The Asian region’s rise is linked to peace, stability and cooperation between India and China. Elucidate
Chinese leader Xi Jinping’s Belt and Road Initiative (BRI) is one of the biggest Infrastructure connectivity projects ever undertaken by a single country. From East Asia to Western Europe, BRI spans land and ocean trade networks intending to enhance physical linkages between countries to boost trade, tourism and reignite economic growth worldwide. The principal objectives of BRI for China are to acquire access to, and if possible gain control over, key strategic locations around the world and secure the supply of resources which China itself lacks.
Beijing insists that the initiative is geared towards fueling economic growth by enhancing connectivity between member states leading to win-win scenarios for China and member countries, but there are plenty of examples from Sri Lanka to Malaysia to Myanmar that point to the contrary.
In Sri Lanka, for example, a deal made by the former Prime Minister Wickremesinghe in 2017 leased the strategically located Hambantota port to Beijing for 99 years citing Sri Lanka’s inability to repay the loan to build the port project. The deal is a classic example of ‘Chinese debt-trap diplomacy’ where hugely expensive Infrastructure is built for countries that have no need for it, using mostly Chinese resources and labour and at interest rates which are significantly higher than the global benchmarks. As a result these massive debt burdens that the host country is unable to service are usually compensated with total control over the project and the land which is allotted as collateral.
However, pushback against this Chinese Initiative has begun…the new government of President Gotabaya Rajapaksa in Sri Lanka has announced that it wants to reverse the deal made by former Prime Minister Wickremesinghe in 2017 as the port is located on a vital connection of the east-west shipping route and the strategic advantages it offers due to its location at the tip of the Northern Indian Ocean.

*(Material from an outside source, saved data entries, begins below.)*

(* Let each $f_i:\mathbb{R}^d\to\mathbb{R}$, $i\in[n]$, be differentiable with $L$-Lipschitz gradient. Consider the iteration $X^{(s+1)} = (X^{(s)} - \eta_s\,\partial f(X^{(s)}))W^{(s)}$ for $s = t,\dots,t+H-1$, where $W^{(t)}$ is a minimizer of $\min_{W\in\mathcal{M}_w}\|\partial f(\overline{X}^{(t)})W - \overline{\partial f}(\overline{X}^{(t)})\|_F^2$ and $W^{(t+i)} = W^{(t)}$ for $0\le i\le H-1$. Then $$\big\|\partial f(\overline{X}^{(t+H)})W^{(t)} - \overline{\partial f}(\overline{X}^{(t+H)})\big\|_F^2 \leq 2\big\|\partial f(\overline{X}^{(t)})W^{(t)} - \overline{\partial f}(\overline{X}^{(t)})\big\|_F^2 + 2H\sum_{i=0}^{H-1}\eta_{t+i}^2L^2\|\partial f(X^{(t+i)})\|_F^2.$$
   Context: $X^{(s)} = [\mathbf{x}_1^{(s)},\dots,\mathbf{x}_n^{(s)}]\in\mathbb{R}^{d\times n}$; $\partial f(X) = [\nabla f_1(\mathbf{x}_1),\dots,\nabla f_n(\mathbf{x}_n)]$; for $Y\in\mathbb{R}^{d\times n}$, $\overline{Y} = Y\frac{\mathbf{1}\mathbf{1}^\top}{n}$ and $\overline{\partial f}(X) = \partial f(X)\frac{\mathbf{1}\mathbf{1}^\top}{n}$. Given a graph $G=(V,E)$ on $n$ nodes, $\mathcal{M}_w = \{W\in\mathbb{R}^{n\times n}: W\mathbf{1} = \mathbf{1},\ \mathbf{1}^\top W = \mathbf{1}^\top,\ 0\le w_{ij}\le 1\ \forall i,j,\ w_{ij}=0\ \forall (i,j)\notin E\}$. *)

theory Defs
  imports "HOL-Analysis.Analysis"
begin

text \<open>A d x n matrix is modelled as real^'n^'d (rows indexed by 'd, columns = nodes 'n).\<close>

definition frob_norm :: "real^'n^'m \<Rightarrow> real" where
  "frob_norm A = sqrt (\<Sum>i\<in>UNIV. \<Sum>j\<in>UNIV. (A$i$j)^2)"

definition pgrad :: "('n \<Rightarrow> real^'d \<Rightarrow> real^'d) \<Rightarrow> real^'n^'d \<Rightarrow> real^'n^'d" where
  "pgrad g X = (\<chi> r j. (g j (column j X)) $ r)"

definition avg_mat :: "real^'n^'n" where
  "avg_mat = (\<chi> i j. 1 / real CARD('n))"

definition bar :: "real^'n^'d \<Rightarrow> real^'n^'d" where
  "bar Y = Y ** avg_mat"

definition Mw :: "('n \<times> 'n) set \<Rightarrow> (real^'n^'n) set" where
  "Mw E = {W. W *v (\<chi> i. 1) = (\<chi> i. 1) \<and> (\<chi> i. 1) v* W = (\<chi> i. 1)
             \<and> (\<forall>i j. 0 \<le> W$i$j \<and> W$i$j \<le> 1)
             \<and> (\<forall>i j. (i, j) \<notin> E \<longrightarrow> W$i$j = 0)}"

end

theory Submission
  imports Defs
begin

text \<open>Write P s for the gradient matrix at the averaged iterate bar (X s). Because W t is doubly
  stochastic, D W - bar D = (D - bar D) W has Frobenius norm at most that of D, so the left-hand side
  is at most twice the initial term plus twice the squared norm of P (t + H) - P t. Every column of
  bar (X s) is the node average of X s, which mixing with W t preserves; over the H steps it therefore
  moves by the sum of the averaged gradient steps, and the Lipschitz bound with Cauchy-Schwarz
  controls P (t + H) - P t.\<close>

lemma norm_vec_square:
  "(norm (x :: 'a::real_normed_vector^'n::finite))^2 = (\<Sum>i\<in>UNIV. (norm (x$i))^2)"
  by (simp add: norm_vec_def L2_set_def sum_nonneg)

lemma norm_matrix_square:
  "(norm (A :: real^'n::finite^'m::finite))^2 = (\<Sum>i\<in>UNIV. \<Sum>j\<in>UNIV. (A$i$j)^2)"
  unfolding norm_vec_square[of A] by (simp add: norm_vec_square)

lemma frob_norm_eq_norm: "frob_norm A = norm A"
  by (simp add: frob_norm_def norm_matrix_square[symmetric])

lemma norm_matrix_square_columns:
  "(norm (A :: real^'n::finite^'m::finite))^2 = (\<Sum>j\<in>UNIV. (norm (column j A))^2)"
proof -
  have "(norm A)^2 = (\<Sum>j\<in>UNIV. \<Sum>i\<in>UNIV. (A$i$j)^2)"
    unfolding norm_matrix_square by (rule sum.swap)
  then show ?thesis
    by (simp add: norm_vec_square column_def)
qed

lemma norm_add_square_le:
  fixes x y :: "'a::real_normed_vector"
  shows "(norm (x + y))^2 \<le> 2 * (norm x)^2 + 2 * (norm y)^2"
proof -
  have "(norm (x + y))^2 \<le> (norm x + norm y)^2"
    by (simp add: norm_triangle_ineq power_mono)
  also have "\<dots> \<le> 2 * (norm x)^2 + 2 * (norm y)^2"
    using zero_le_power2[of "norm x - norm y"] by (simp add: power2_eq_square algebra_simps)
  finally show ?thesis .
qed

lemma norm_sum_square_le:
  fixes v :: "'i \<Rightarrow> 'a::real_normed_vector"
  shows "(norm (\<Sum>i\<in>A. v i))^2 \<le> real (card A) * (\<Sum>i\<in>A. (norm (v i))^2)"
proof -
  have "(norm (\<Sum>i\<in>A. v i))^2 \<le> (\<Sum>i\<in>A. norm (v i))^2"
    by (simp add: norm_sum power_mono)
  also have "\<dots> \<le> real (card A) * (\<Sum>i\<in>A. (norm (v i))^2)"
    using sum_squared_le_sum_of_squares[of "\<lambda>i. norm (v i)" A] by (simp add: mult.commute)
  finally show ?thesis .
qed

Sri Lanka is not alone, it’s accompanied by countries like Myanmar which scaled back a deep-sea port project which was to be funded by China and under the Belt and Road Initiative. In South-East Asia, Malaysia too cancelled Chinese oil pipeline projects and scaled by Rail projects being funded by China.
Another Chinese led initiative, the Regional Comprehensive Economic Partnership (RCEP) is also facing roubles as India, a major stakeholder in the agreement has withdrawn and Japan has announced that it will refuse to join the pact if India doesn’t join.
The above setbacks don’t necessarily mean the failure of the Belt and Road Initiative. However, it does indicate that it has become more challenging for China to exert its power beyond its shores using its purse.